> _Task instructions_
Would you print the material exactly, starting at its first line and ending at the line holding "(simp add: e_def)"?

┌─ Provided information

lemma exists_primitive: "\<exists>f. \<forall>q. (f has_derivative (\<lambda>k. F q k - F 0 k)) (at q)"
proof -
  txt \<open>g p is a primitive away from p; for the base points 0 and e the primitives differ by a
    constant on the connected set V, which allows patching them at 0.\<close>
  define e :: "real^2" where "e = axis 1 1"
  have "e \<noteq> 0" by (simp add: e_def)
  have "(- e) $ 1 \<noteq> e $ 1" by (simp add: e_def axis_def)
  then have "- e \<noteq> e" by metis
  define g where "g p q = seg_length (p, q) - F 0 (q - p)" for p q
  have g: "(g p has_derivative (\<lambda>k. F q k - F 0 k)) (at q)" if "q \<noteq> p" for p q
    unfolding g_def using has_derivative_seg_length_primitive that by simp
  define V where "V = - {0, e}"
  have "open V" "connected V"
    using path_connected_complement_countable[of "{0, e}"]
    by (simp_all add: V_def open_Compl path_connected_imp_connected)
  define c where "c = g 0 (- e) - g e (- e)"
  have const: "g 0 q = g e q + c" if "q \<in> V" for q
  proof -
    have "g 0 q - g e q = g 0 (- e) - g e (- e)"
    proof (rule has_derivative_zero_unique_connected[OF \<open>open V\<close> \<open>connected V\<close>])
      fix u assume "u \<in> V"
      then show "((\<lambda>q. g 0 q - g e q) has_derivative (\<lambda>h. 0)) (at u)"
        using has_derivative_diff[OF g g, of u 0 e] by (simp add: V_def)
    qed (use that \<open>e \<noteq> 0\<close> \<open>- e \<noteq> e\<close> in \<open>auto simp: V_def\<close>)
    then show ?thesis by (simp add: c_def)
  qed
  define f where "f q = (if q = 0 then g e q + c else g 0 q)" for q
  have "(f has_derivative (\<lambda>k. F q k - F 0 k)) (at q)" for q
  proof (cases "q = 0")
    case False
    show ?thesis
      by (rule has_derivative_transform_within_open[OF g[OF False], where s = "- {0}"])
        (auto simp: f_def False)
  next
    case True
    have "((\<lambda>q. g e q + c) has_derivative (\<lambda>k. F q k - F 0 k)) (at q)"
      using g[of q e] True \<open>e \<noteq> 0\<close> by (auto intro: has_derivative_add_const)
    then show ?thesis
      by (rule has_derivative_transform_within_open[where s = "- {e}"])
        (use True \<open>e \<noteq> 0\<close> const in \<open>auto simp: f_def V_def\<close>)
  qed
  then show ?thesis by blast
qed

end

theorem theorem3p3:
  fixes F :: "real^2 \<Rightarrow> real^2 \<Rightarrow> real"
  assumes "finsler_C2 F" and "projective F" and "periodic F"
  shows "\<exists>N f. minkowski_norm N \<and> Ck 3 UNIV f \<and>
           (\<forall>x v. F x v = N v + frechet_derivative f (at x) v)"
proof -
  interpret periodic_projective_finsler F
    using assms by unfold_locales
  obtain f where f: "\<And>q. (f has_derivative (\<lambda>k. F q k - F 0 k)) (at q)"
    using exists_primitive by blast
  have "Ck 2 UNIV (\<lambda>x. F x b - F 0 b)" if "b \<in> Basis" for b :: "real^2"
    using Ck_add[OF open_UNIV Ck2_F_horizontal Ck_const[OF open_UNIV, of 2 "- F 0 b"]]
      nonzero_Basis[OF that] by simp
  then have "Ck (Suc 2) UNIV f"
    by (rule Ck_SucI[OF open_UNIV f])
  then have "Ck 3 UNIV f"
    by (simp only: numeral_3_eq_3 numeral_2_eq_2)
  moreover have "F x v = F 0 v + frechet_derivative f (at x) v" for x v
    using frechet_derivative_at[OF f, symmetric] by simp
  ultimately show ?thesis
    using minkowski_norm_F by blast
qed

end
lemma avail_after_reassignment:
  assumes "pseudo_matching M"
    and shrink: "\<forall>w. M (Some f') w = 0 \<longrightarrow> M' (Some f') w = 0"
    and others: "\<forall>g. g \<noteq> Some f' \<longrightarrow> M' g = M g"
    and "f \<noteq> f'"
  shows "avail pw M' (Some f) w \<le> avail pw M (Some f) w \<or> M (Some f) w < avail pw M (Some f) w"
proof (cases "pw w (Some f) (Some f') \<and> M (Some f') w < M' (Some f') w")
  case no_gain: False
  have "avail pw M' (Some f) w \<le> avail pw M (Some f) w"
    unfolding avail_def
  proof (rule sum_mono)
    fix g
    assume "g \<in> {g. pw w (Some f) g \<or> Some f = g}"
    then show "M' g w \<le> M g w"
    proof (cases "g = Some f'")
      case True
      then have "pw w (Some f) (Some f')"
        using \<open>g \<in> _\<close> \<open>f \<noteq> f'\<close> by auto
      then show ?thesis
        using no_gain True by (simp add: not_less)
    next
      case False
      then show ?thesis
        using others by simp
    qed
  qed
  then show ?thesis ..
next
  case True
  have "0 \<le> M (Some f') w"
    using assms(1) by (simp add: pseudo_matching_def unit_vec_def)
  moreover have "M (Some f') w \<noteq> 0"
    using True shrink by auto
  moreover have "M (Some f) w + M (Some f') w \<le> avail pw M (Some f) w"
  proof -
    have "(\<Sum>g\<in>{Some f, Some f'}. M g w) \<le> avail pw M (Some f) w"
      unfolding avail_def using True assms(1)
      by (intro sum_mono2) (auto simp: pseudo_matching_def unit_vec_def)
    then show ?thesis
      using \<open>f \<noteq> f'\<close> by simp
  qed
  ultimately show ?thesis
    by linarith
qed
lemma cons_fin_snoc:
  assumes "p \<noteq> []"
  shows "cons_fin P \<rho> (p @ [s]) \<longleftrightarrow> cons_fin P \<rho> p \<and> (owner (last p) = P \<longrightarrow> \<rho> p = s)"
proof -
  obtain n where n: "length p = Suc n"
    using assms by (cases p) auto
  have old: "(p @ [s]) ! i = p ! i" "(p @ [s]) ! Suc i = p ! Suc i"
    "take (Suc i) (p @ [s]) = take (Suc i) p" if "i < n" for i
    using that n by (simp_all add: nth_append)
  have new: "(p @ [s]) ! n = last p" "(p @ [s]) ! Suc n = s" "take (Suc n) (p @ [s]) = p"
    using assms n by (simp_all add: nth_append last_conv_nth)
  have "cons_fin P \<rho> (p @ [s]) \<longleftrightarrow> (\<forall>i < Suc n. owner ((p @ [s]) ! i) = P \<longrightarrow>
      \<rho> (take (Suc i) (p @ [s])) = (p @ [s]) ! Suc i)"
    unfolding cons_fin_def using n by simp
  also have "\<dots> \<longleftrightarrow> (\<forall>i < n. owner ((p @ [s]) ! i) = P \<longrightarrow>
        \<rho> (take (Suc i) (p @ [s])) = (p @ [s]) ! Suc i) \<and>
      (owner ((p @ [s]) ! n) = P \<longrightarrow> \<rho> (take (Suc n) (p @ [s])) = (p @ [s]) ! Suc n)"
    by (simp add: less_Suc_eq all_conj_distrib conj_commute)
  also have "\<dots> \<longleftrightarrow> cons_fin P \<rho> p \<and> (owner (last p) = P \<longrightarrow> \<rho> p = s)"
    unfolding cons_fin_def new using n old by auto
  finally show ?thesis .
qed

lemma is_fin_path_take:
  assumes "is_fin_path R p" "0 < k"
  shows "is_fin_path R (take k p)"
  using assms unfolding is_fin_path_def by (simp add: hd_take)

lemma cons_fin_take: "cons_fin P \<rho> p \<Longrightarrow> cons_fin P \<rho> (take k p)"
  unfolding cons_fin_def
proof (intro allI impI)
  fix i
  assume "\<forall>i < length p - 1. owner (p ! i) = P \<longrightarrow> \<rho> (take (Suc i) p) = p ! Suc i"
    and "i < length (take k p) - 1" "owner (take k p ! i) = P"
  moreover have "Suc i < k"
    using \<open>i < length (take k p) - 1\<close> by simp
  then have "take (Suc i) (take k p) = take (Suc i) p"
    by (simp add: min_def)
  ultimately show "\<rho> (take (Suc i) (take k p)) = take k p ! Suc i"
    by simp
qed

lemma is_fin_path_nth_is_state:
  assumes "is_fin_path R p" "i < length p"
  shows "is_state R (p ! i)"
proof (cases i)
  case 0
  then show ?thesis
    using assms unfolding is_fin_path_def by (metis hd_conv_nth)
next
  case (Suc j)
  then have "gedge R (p ! j) (p ! i)"
    using assms unfolding is_fin_path_def by auto
  then show ?thesis
    by (rule gedge_is_state)
qed

lemma fin_path_is_fact_nth_iff:
  assumes "is_fin_path R p" "hd p = Fact x" "i < length p"
  shows "is_fact (p ! i) \<longleftrightarrow> even i"
  using assms(3)
proof (induction i)
  case 0
  then show ?case
    using assms by (simp add: hd_conv_nth)
next
  case (Suc i)
  then have "gedge R (p ! i) (p ! Suc i)"
    using assms unfolding is_fin_path_def by auto
  then show ?case
    using Suc gedge_alternates by force
qed

lemma inf_path_is_fact_nth_iff:
  assumes "shd q = Fact x" "\<forall>i. gedge R (q !! i) (q !! Suc i)"
  shows "is_fact (q !! i) \<longleftrightarrow> even i"
  by (induction i) (use assms gedge_alternates in force)+

lemma last_take_Suc: "i < length p \<Longrightarrow> last (take (Suc i) p) = p ! i"
  by (simp add: take_Suc_conv_app_nth)

lemma last_stake_Suc: "last (stake (Suc n) q) = q !! n"
  by (metis last_snoc stake_Suc)

lemma stake_Suc_Suc: "stake (Suc (Suc n)) q = stake n q @ [q !! n, q !! Suc n]"
  by (simp only: stake_Suc) simp

lemma take_two_more: "j + 2 < length q \<Longrightarrow> take (j + 3) q = take (j + 1) q @ [q ! (j + 1), q ! (j + 2)]"
  by (simp add: take_Suc_conv_app_nth numeral_3_eq_3)

section \<open>Plays\<close>

definition next_state :: "('f state list \<Rightarrow> 'f state) \<Rightarrow> ('f state list \<Rightarrow> 'f state)
    \<Rightarrow> 'f state list \<Rightarrow> 'f state" where
  "next_state \<sigma> \<tau> p = (if owner (last p) = PlT then \<sigma> p else \<tau> p)"

primrec play_prefix :: "('f state list \<Rightarrow> 'f state) \<Rightarrow> ('f state list \<Rightarrow> 'f state)
    \<Rightarrow> 'f state \<Rightarrow> nat \<Rightarrow> 'f state list" where
  "play_prefix \<sigma> \<tau> s 0 = [s]"
| "play_prefix \<sigma> \<tau> s (Suc n) = play_prefix \<sigma> \<tau> s n @ [next_state \<sigma> \<tau> (play_prefix \<sigma> \<tau> s n)]"

lemma length_play_prefix [simp]: "length (play_prefix \<sigma> \<tau> s n) = Suc n"
  by (induction n) simp_all

lemma play_prefix_not_Nil [simp]: "play_prefix \<sigma> \<tau> s n \<noteq> []"
  by (cases n) simp_all

lemma hd_play_prefix [simp]: "hd (play_prefix \<sigma> \<tau> s n) = s"
  by (induction n) simp_all

lemma take_play_prefix: "i \<le> n \<Longrightarrow> take (Suc i) (play_prefix \<sigma> \<tau> s n) = play_prefix \<sigma> \<tau> s i"
  by (induction n) (auto simp: le_Suc_eq)

lemma cons_fin_play_prefix:
  "cons_fin PlT \<sigma> (play_prefix \<sigma> \<tau> s n) \<and> cons_fin PlF \<tau> (play_prefix \<sigma> \<tau> s n)"
proof (induction n)
  case 0
  then show ?case
    unfolding cons_fin_def by simp
next
  case (Suc n)
  then show ?case
    unfolding play_prefix.simps cons_fin_snoc[OF play_prefix_not_Nil] next_state_def by auto
qed

lemma gedge_next_state:
  assumes "\<sigma> \<in> gen_strategies R PlT" "\<tau> \<in> gen_strategies R PlF"
    and "is_fin_path R p" "has_succ R (last p)"
  shows "gedge R (last p) (next_state \<sigma> \<tau> p)"
  using assms unfolding gen_strategies_def next_state_def by (cases "last p") auto

lemma is_fin_path_play_prefix:
  assumes "\<sigma> \<in> gen_strategies R PlT" "\<tau> \<in> gen_strategies R PlF" "is_state R s"
    and "\<forall>k < n. has_succ R (last (play_prefix \<sigma> \<tau> s k))"
  shows "is_fin_path R (play_prefix \<sigma> \<tau> s n)"
  using assms(4)
proof (induction n)
  case 0
  then show ?case
    using assms(3) unfolding is_fin_path_def by simp
next
  case (Suc n)
  then show ?case
    unfolding play_prefix.simps is_fin_path_snoc[OF play_prefix_not_Nil]
    using gedge_next_state[OF assms(1,2)] by simp
qed

lemma next_state_eqI:
  assumes "owner (last p) = PlT \<Longrightarrow> \<sigma> p = s" "owner (last p) = PlF \<Longrightarrow> \<tau> p = s"
  shows "next_state \<sigma> \<tau> p = s"
  using assms unfolding next_state_def by (cases "owner (last p)") auto

lemma take_consistent_fin_path:
  assumes "hd p = s" "cons_fin PlT \<sigma> p" "cons_fin PlF \<tau> p" "i < length p"
  shows "take (Suc i) p = play_prefix \<sigma> \<tau> s i"
  using assms(4)
proof (induction i)
  case 0
  then show ?case
    using assms(1) by (cases p) auto
next
  case (Suc i)
  have "next_state \<sigma> \<tau> (take (Suc i) p) = p ! Suc i"
    using assms(2,3) Suc.prems
    by (intro next_state_eqI) (auto simp: cons_fin_def last_take_Suc)
  then show ?case
    using Suc by (simp add: take_Suc_conv_app_nth)
qed

lemma stake_consistent_stream:
  assumes "shd q = s" "cons_inf PlT \<sigma> q" "cons_inf PlF \<tau> q"
  shows "stake (Suc i) q = play_prefix \<sigma> \<tau> s i"
proof (induction i)
  case 0
  then show ?case
    using assms(1) by simp
next
  case (Suc i)
  have "next_state \<sigma> \<tau> (stake (Suc i) q) = q !! Suc i"
    using assms(2,3)
    unfolding cons_inf_def by (intro next_state_eqI) (simp_all add: last_stake_Suc del: stake.simps)
  then show ?case
    using Suc by (metis stake_Suc play_prefix.simps(2))
qed

definition is_play :: "('f \<times> 'f set) set \<Rightarrow> 'f state \<Rightarrow> ('f state list \<Rightarrow> 'f state)
    \<Rightarrow> ('f state list \<Rightarrow> 'f state) \<Rightarrow> 'f state branch \<Rightarrow> bool" where
  "is_play R s \<sigma> \<tau> q = (case q of
       BFin p \<Rightarrow> is_fin_path R p \<and> hd p = s \<and> \<not> has_succ R (last p) \<and>
         cons_fin PlT \<sigma> p \<and> cons_fin PlF \<tau> p
     | BInf p \<Rightarrow> is_state R (shd p) \<and> shd p = s \<and> (\<forall>i. gedge R (p !! i) (p !! Suc i)) \<and>
         cons_inf PlT \<sigma> p \<and> cons_inf PlF \<tau> p)"

lemma play_eq_The_is_play: "play R s \<sigma> \<tau> = (THE q. is_play R s \<sigma> \<tau> q)"
  unfolding play_def is_play_def ..

lemma is_play_BFin:
  assumes "is_play R s \<sigma> \<tau> (BFin p)"
  shows "p = play_prefix \<sigma> \<tau> s (length p - 1)"
    and "\<not> has_succ R (last (play_prefix \<sigma> \<tau> s (length p - 1)))"
    and "k < length p - 1 \<Longrightarrow> has_succ R (last (play_prefix \<sigma> \<tau> s k))"
proof -
  have p: "is_fin_path R p" "hd p = s" "\<not> has_succ R (last p)" "cons_fin PlT \<sigma> p" "cons_fin PlF \<tau> p"
    using assms unfolding is_play_def by simp_all
  then have "p \<noteq> []"
    unfolding is_fin_path_def by simp
  have prefix: "take (Suc k) p = play_prefix \<sigma> \<tau> s k" if "k < length p" for k
    using take_consistent_fin_path[OF p(2,4,5) that] .
  show whole: "p = play_prefix \<sigma> \<tau> s (length p - 1)"
    using prefix[of "length p - 1"] \<open>p \<noteq> []\<close> by simp
  show "\<not> has_succ R (last (play_prefix \<sigma> \<tau> s (length p - 1)))"
    using p(3) whole by simp
  assume "k < length p - 1"
  then have "gedge R (p ! k) (p ! Suc k)" and "last (play_prefix \<sigma> \<tau> s k) = p ! k"
    using p(1) prefix[of k] last_take_Suc[of k p] unfolding is_fin_path_def by auto
  then show "has_succ R (last (play_prefix \<sigma> \<tau> s k))"
    unfolding has_succ_def by auto
qed

lemma is_play_BInf:
  assumes "is_play R s \<sigma> \<tau> (BInf q)"
  shows "q !! n = last (play_prefix \<sigma> \<tau> s n)"
    and "has_succ R (last (play_prefix \<sigma> \<tau> s n))"
proof -
  have q: "shd q = s" "\<forall>i. gedge R (q !! i) (q !! Suc i)" "cons_inf PlT \<sigma> q" "cons_inf PlF \<tau> q"
    using assms unfolding is_play_def by simp_all
  show nth: "q !! n = last (play_prefix \<sigma> \<tau> s n)"
    using stake_consistent_stream[OF q(1,3,4), of n] last_stake_Suc[of n q] by simp
  show "has_succ R (last (play_prefix \<sigma> \<tau> s n))"
    using q(2) unfolding nth[symmetric] has_succ_def by blast
qed

lemma is_play_unique:
  assumes "is_play R s \<sigma> \<tau> q" "is_play R s \<sigma> \<tau> q'"
  shows "q = q'"
proof (cases q; cases q')
  fix p p'
  assume q: "q = BFin p" and q': "q' = BFin p'"
  have "length p - 1 = length p' - 1"
    using is_play_BFin(2,3)[OF assms(1)[unfolded q]] is_play_BFin(2,3)[OF assms(2)[unfolded q']]
    by (metis linorder_neqE_nat)
  then show "q = q'"
    using is_play_BFin(1)[OF assms(1)[unfolded q]] is_play_BFin(1)[OF assms(2)[unfolded q']] q q'
    by metis
next
  fix p p'
  assume "q = BFin p" "q' = BInf p'"
  then show "q = q'"
    using is_play_BFin(2)[of R s \<sigma> \<tau> p] is_play_BInf(2)[of R s \<sigma> \<tau> p'] assms by blast
next
  fix p p'
  assume "q = BInf p" "q' = BFin p'"
  then show "q = q'"
    using is_play_BFin(2)[of R s \<sigma> \<tau> p'] is_play_BInf(2)[of R s \<sigma> \<tau> p] assms by blast
next
  fix p p'
  assume q: "q = BInf p" and q': "q' = BInf p'"
  then have "p = p'"
    using is_play_BInf(1)[of R s \<sigma> \<tau>] assms by (metis stream_eqI)
  then show "q = q'"
    using q q' by simp
qed

lemma is_play_exists:
  assumes "\<sigma> \<in> gen_strategies R PlT" "\<tau> \<in> gen_strategies R PlF" "is_state R s"
  shows "\<exists>q. is_play R s \<sigma> \<tau> q"
proof (cases "\<exists>n. \<not> has_succ R (last (play_prefix \<sigma> \<tau> s n))")
  case True
  define n where "n = (LEAST n. \<not> has_succ R (last (play_prefix \<sigma> \<tau> s n)))"
  have "\<not> has_succ R (last (play_prefix \<sigma> \<tau> s n))"
    unfolding n_def using True by (rule LeastI_ex)
  moreover have "\<forall>k < n. has_succ R (last (play_prefix \<sigma> \<tau> s k))"
    unfolding n_def using not_less_Least by blast
  ultimately have "is_play R s \<sigma> \<tau> (BFin (play_prefix \<sigma> \<tau> s n))"
    unfolding is_play_def using is_fin_path_play_prefix[OF assms] cons_fin_play_prefix by simp
  then show ?thesis ..
next
  case False
  define S where "S = smap (\<lambda>n. last (play_prefix \<sigma> \<tau> s n)) nats"
  have S_nth: "S !! n = last (play_prefix \<sigma> \<tau> s n)" for n
    unfolding S_def by simp
  have S_stake: "stake (Suc n) S = play_prefix \<sigma> \<tau> s n" for n
  proof (induction n)
    case 0
    then show ?case
      using S_nth[of 0] by simp
  next
    case (Suc n)
    then show ?case
      using stake_Suc[of "Suc n" S] S_nth[of "Suc n"] by simp
  qed
  have S_Suc: "S !! Suc n = next_state \<sigma> \<tau> (stake (Suc n) S)" for n
    unfolding S_stake S_nth by simp
  have "gedge R (S !! n) (S !! Suc n)" for n
    unfolding S_Suc S_stake S_nth
    using False gedge_next_state[OF assms(1,2) is_fin_path_play_prefix[OF assms]] by auto
  moreover have "cons_inf PlT \<sigma> S" "cons_inf PlF \<tau> S"
    unfolding cons_inf_def S_Suc next_state_def last_stake_Suc by auto
  ultimately have "is_play R s \<sigma> \<tau> (BInf S)"
    unfolding is_play_def using assms(3) S_nth[of 0] by simp
  then show ?thesis ..
qed

lemma play_is_play:
  assumes "\<sigma> \<in> gen_strategies R PlT" "\<tau> \<in> gen_strategies R PlF" "is_state R s"
  shows "is_play R s \<sigma> \<tau> (play R s \<sigma> \<tau>)"
  using is_play_exists[OF assms] is_play_unique unfolding play_eq_The_is_play by (metis theI)

lemma strategy_following:
  assumes "\<And>p. P p \<Longrightarrow> gedge R (last p) (f p)"
  shows "(\<lambda>p. if P p then f p else SOME s. gedge R (last p) s) \<in> gen_strategies R Q"
  using assms unfolding gen_strategies_def has_succ_def by (auto intro: someI_ex)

└─

> _Task output_
lemma exists_primitive: "\<exists>f. \<forall>q. (f has_derivative (\<lambda>k. F q k - F 0 k)) (at q)"
proof -
  txt \<open>g p is a primitive away from p; for the base points 0 and e the primitives differ by a
    constant on the connected set V, which allows patching them at 0.\<close>
  define e :: "real^2" where "e = axis 1 1"
  have "e \<noteq> 0" by (simp add: e_def)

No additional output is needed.